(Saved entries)
definition completely_positive :: "nat \<Rightarrow> nat \<Rightarrow> (complex mat \<Rightarrow> complex mat) \<Rightarrow> bool" where
  "completely_positive n m E \<longleftrightarrow> lin_map n m E \<and>
     (\<forall>k X. pos_op (k*n) X \<longrightarrow> pos_op (k*m) (ampl k n m E X))"

definition trace_nonincreasing :: "nat \<Rightarrow> (complex mat \<Rightarrow> complex mat) \<Rightarrow> bool" where
  "trace_nonincreasing n E \<longleftrightarrow> (\<forall>X. pos_op n X \<longrightarrow> Re (mtrace (E X)) \<le> Re (mtrace X))"

definition trace_preserving :: "nat \<Rightarrow> (complex mat \<Rightarrow> complex mat) \<Rightarrow> bool" where
  "trace_preserving n E \<longleftrightarrow> (\<forall>X \<in> carrier_mat n n. mtrace (E X) = mtrace X)"

definition msum :: "nat \<Rightarrow> ('a \<Rightarrow> complex mat) \<Rightarrow> 'a set \<Rightarrow> complex mat" where
  "msum d f S = mat d d (\<lambda>ij. \<Sum>x\<in>S. f x $$ ij)"

definition induced_channel :: "nat \<Rightarrow> ('x::finite \<Rightarrow> complex mat \<Rightarrow> complex mat) \<Rightarrow> complex mat \<Rightarrow> complex mat" where
  "induced_channel m I X = msum m (\<lambda>x. I x X) UNIV"

definition instrument :: "nat \<Rightarrow> nat \<Rightarrow> ('x::finite \<Rightarrow> complex mat \<Rightarrow> complex mat) \<Rightarrow> bool" where
  "instrument n m I \<longleftrightarrow>
     (\<forall>x. completely_positive n m (I x) \<and> trace_nonincreasing n (I x)) \<and>
     trace_preserving n (induced_channel m I)"

definition induced_povm :: "nat \<Rightarrow> ('x \<Rightarrow> complex mat \<Rightarrow> complex mat) \<Rightarrow> 'x \<Rightarrow> complex mat" where
  "induced_povm n I x = (SOME A. A \<in> carrier_mat n n \<and>
      (\<forall>\<rho> \<in> carrier_mat n n. mtrace (A * \<rho>) = mtrace (I x \<rho>)))"

text \<open>A POVM identified with an instrument with output space C (dimension 1).\<close>
definition povm_ins :: "('x \<Rightarrow> complex mat) \<Rightarrow> 'x \<Rightarrow> complex mat \<Rightarrow> complex mat" where
  "povm_ins A x \<rho> = mat 1 1 (\<lambda>_. mtrace (A x * \<rho>))"

text \<open>A channel identified with a one-outcome instrument.\<close>
definition chan_ins :: "(complex mat \<Rightarrow> complex mat) \<Rightarrow> unit \<Rightarrow> complex mat \<Rightarrow> complex mat" where
  "chan_ins \<Phi> u = \<Phi>"

definition ptrace1 :: "nat \<Rightarrow> nat \<Rightarrow> complex mat \<Rightarrow> complex mat" where
  "ptrace1 a b X = mat b b (\<lambda>(v,w). \<Sum>k<a. X $$ (k*b+v, k*b+w))"

definition ptrace2 :: "nat \<Rightarrow> nat \<Rightarrow> complex mat \<Rightarrow> complex mat" where
  "ptrace2 a b X = mat a a (\<lambda>(k,l). \<Sum>v<b. X $$ (k*b+v, l*b+v))"

definition compatible ::
  "nat \<Rightarrow> nat \<Rightarrow> nat \<Rightarrow> ('x::finite \<Rightarrow> complex mat \<Rightarrow> complex mat) \<Rightarrow> ('y::finite \<Rightarrow> complex mat \<Rightarrow> complex mat) \<Rightarrow> bool" where
  "compatible n a b I J \<longleftrightarrow>
     (\<exists>G :: 'x \<times> 'y \<Rightarrow> complex mat \<Rightarrow> complex mat.
        instrument n (a*b) G \<and>
        (\<forall>\<rho>. state n \<rho> \<longrightarrow>
           (\<forall>y. msum b (\<lambda>x. ptrace1 a b (G (x,y) \<rho>)) UNIV = J y \<rho>) \<and>
           (\<forall>x. msum a (\<lambda>y. ptrace2 a b (G (x,y) \<rho>)) UNIV = I x \<rho>)))"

**Problem to solve:**
What you give back should be the lines from the one with "(\<forall>\<rho>. state n" to the end of the data, copied exactly, both ends included.

**Output for this exercise:**
        (\<forall>\<rho>. state n \<rho> \<longrightarrow>
           (\<forall>y. msum b (\<lambda>x. ptrace1 a b (G (x,y) \<rho>)) UNIV = J y \<rho>) \<and>
           (\<forall>x. msum a (\<lambda>y. ptrace2 a b (G (x,y) \<rho>)) UNIV = I x \<rho>)))"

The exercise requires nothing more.